lemma aff_dim_cross_polytope:
  assumes "B \<noteq> {}"
  shows "aff_dim (convex hull (cross_polytope_vertices c B)) = card B"
proof -
  obtain b where b: "b \<in> B"
    using assms by blast
  have "c \<in> convex hull (cross_polytope_vertices c B)"
    using b by (intro centre_in_convex_hull[of c b]) (auto simp: cross_polytope_vertices_def)
  then have "c \<in> affine hull (cross_polytope_vertices c B)"
    using convex_hull_subset_affine_hull by blast
  then have "aff_dim (cross_polytope_vertices c B) = dim ((+) (- c) ` cross_polytope_vertices c B)"
    by (rule aff_dim_eq_dim)
  also have "(+) (- c) ` cross_polytope_vertices c B = B \<union> uminus ` B"
    by (force simp: cross_polytope_vertices_def image_image)
  also have "dim (B \<union> uminus ` B) = dim B"
  proof -
    have "span (B \<union> uminus ` B) = span B"
      by (auto simp: span_eq intro: span_base span_neg)
    then show ?thesis
      by (metis dim_span)
  qed
  also have "dim B = card B"
    by (rule dim_eq_card_independent[OF B_independent])
  finally show ?thesis
    by (simp add: aff_dim_convex_hull)
qed

end

(* Using 0 rather than e_j as the j-th corner keeps the half-diagonals independent: the
   vectors e_i - c are linearly dependent in dimension 2. *)
definition simplex_corner :: "'n::finite \<Rightarrow> 'n \<Rightarrow> real^'n" where
  "simplex_corner j i = (if i = j then 0 else axis i 1)"

definition corner_directions :: "'n::finite \<Rightarrow> (real^'n) set" where
  "corner_directions j = (\<lambda>i. simplex_corner j i - (1/2) *\<^sub>R 1) ` UNIV"

lemma inj_simplex_corner: "inj (simplex_corner j)"
  by (rule injI) (auto simp: simplex_corner_def axis_eq_axis split: if_splits)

— DIRECTIONS —
Count up the lines of the data that include "finite". Reply with a number only.

— RESPONSE TO THE TASK —
2